> Problem
Reproduce verbatim the lines of the material below, starting at the line with "(intro ln_one_plus_pos_lower_bound) auto" and ending at the line with "fixes B e es \<eta> :: real", both inclusive; skip the rest.

> Dataset entries

lemma ln_ge_of_ge_one_plus:
  fixes \<mu> e \<eta> :: real
  assumes "1 + e * (1 - \<eta>) \<le> \<mu>" "0 \<le> e" "e \<le> \<eta>" "\<eta> \<le> 1 / 2"
  shows "e * (1 - 2 * \<eta>) \<le> ln \<mu>"
proof -
  define u where "u = e * (1 - \<eta>)"
  have u: "0 \<le> u" "u \<le> e" using assms by (auto simp: u_def mult_left_le)
  have "e * (1 - 2 * \<eta>) \<le> e * (1 - \<eta>) * (1 - \<eta>)"
    using assms by (simp add: algebra_simps power2_eq_square)
  also have "\<dots> \<le> u * (1 - u)"
    unfolding u_def using assms u by (intro mult_left_mono) (auto simp: u_def)
  also have "\<dots> = u - u ^ 2" by (simp add: algebra_simps power2_eq_square)
  also have "\<dots> \<le> ln (1 + u)" using u assms by (intro ln_one_plus_pos_lower_bound) auto
  also have "\<dots> \<le> ln \<mu>" using assms u by (subst ln_le_cancel_iff) (auto simp: u_def)
  finally show ?thesis .
qed

lemma floor_scaled_mean_ge:
  fixes B e es \<eta> :: real
  assumes "0 < B" "0 \<le> es" "es + 1 / B \<le> \<eta> / 2 * e" "0 \<le> e" "e \<le> 1" "0 \<le> \<eta>" "\<eta> \<le> 1"
  shows "1 + e * (1 - \<eta>) \<le> real (nat \<lfloor>(1 - es) * B\<rfloor>) * (1 + e) / B"
proof -
  have "\<eta> * e \<le> 1" "0 \<le> 1 / B" using assms by (auto intro: mult_le_one)
  then have "es \<le> 1" using assms by linarith
  then have "(1 - es) * B - 1 \<le> real (nat \<lfloor>(1 - es) * B\<rfloor>)" using assms by linarith
  then have "((1 - es) * B - 1) * (1 + e) / B \<le> real (nat \<lfloor>(1 - es) * B\<rfloor>) * (1 + e) / B"
    using assms by (intro divide_right_mono mult_right_mono) auto
  moreover have "((1 - es) * B - 1) * (1 + e) / B = (1 - (es + 1 / B)) * (1 + e)"
    using assms by (simp add: field_simps)
  moreover have "1 + e * (1 - \<eta>) \<le> (1 - \<eta> / 2 * e) * (1 + e)"
    using assms mult_left_le[of e "\<eta> / 2 * e"] by (simp add: algebra_simps)
  moreover have "(1 - \<eta> / 2 * e) * (1 + e) \<le> (1 - (es + 1 / B)) * (1 + e)"
    using assms by (intro mult_right_mono) auto
  ultimately show ?thesis by linarith
qed

lemma div_four_add_le:
  fixes e u a :: real
  assumes "e / 2 \<le> u" "0 < e" "e \<le> 1" "0 \<le> a"
  shows "e / (4 + 8 * a) \<le> u / (4 * (u + a))"
proof -
  have "e * u \<le> 1 * u" "e * a \<le> (2 * u) * a" using assms by (auto intro!: mult_right_mono)
  moreover have "0 < 4 + 8 * a" "0 < u + a" using assms by auto
  ultimately show ?thesis by (simp add: field_simps)
qed

lemma power_floor_ln_ge:
  fixes n :: nat and \<mu> e \<eta> b c :: real
  assumes ln_\<mu>: "e * (1 - 2 * \<eta>) \<le> ln \<mu>" and "0 < \<mu>" and e: "0 < e" "e \<le> 1"
    and \<eta>: "0 \<le> \<eta>" "\<eta> \<le> 1 / 2" "4 * (b + c) * \<eta> \<le> c" and bc: "0 \<le> b" "0 < c"
    and n: "0 < n" "1 + ln 2 \<le> c / 2 * ln (real n)"
  shows "2 * real n powr b \<le> \<mu> ^ nat \<lfloor>(b + c) / e * ln (real n)\<rfloor>"
proof -
  define L where "L = ln (real n)"
  define x where "x = nat \<lfloor>(b + c) / e * L\<rfloor>"
  have L: "0 \<le> L" using n by (simp add: L_def)
  have x: "(b + c) / e * L - 1 \<le> real x"
    unfolding x_def using bc e L by (simp add: of_nat_nat)
  have "b + c / 2 \<le> (b + c) * (1 - 2 * \<eta>)" using \<eta> by (simp add: algebra_simps)
  then have "b * L + c / 2 * L \<le> (b + c) * (1 - 2 * \<eta>) * L"
    using L by (metis distrib_right mult_right_mono)
  then have "ln 2 + b * L \<le> (b + c) * (1 - 2 * \<eta>) * L - 1"
    using n unfolding L_def by linarith
  also have "\<dots> = ((b + c) / e * L - 1) * (e * (1 - 2 * \<eta>)) + e * (1 - 2 * \<eta>) - 1"
    using e by (simp add: field_simps)
  also have "\<dots> \<le> real x * ln \<mu> + e * (1 - 2 * \<eta>) - 1"
    using x e \<eta> ln_\<mu> bc L by (intro add_right_mono diff_right_mono mult_mono) auto
  also have "\<dots> \<le> real x * ln \<mu>"
  proof -
    have "0 \<le> \<eta> * e" using e \<eta> by simp
    then show ?thesis using e by (simp add: algebra_simps)
  qed
  finally have "exp (ln 2 + b * L) \<le> exp (real x * ln \<mu>)" by simp
  also have "\<dots> = \<mu> ^ x" using \<open>0 < \<mu>\<close> by (simp add: exp_of_nat_mult)
  finally show ?thesis
    using n by (simp add: x_def L_def exp_add powr_def mult.commute)
qed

> Finished task
  also have "\<dots> \<le> ln (1 + u)" using u assms by (intro ln_one_plus_pos_lower_bound) auto
  also have "\<dots> \<le> ln \<mu>" using assms u by (subst ln_le_cancel_iff) (auto simp: u_def)
  finally show ?thesis .
qed

lemma floor_scaled_mean_ge:
  fixes B e es \<eta> :: real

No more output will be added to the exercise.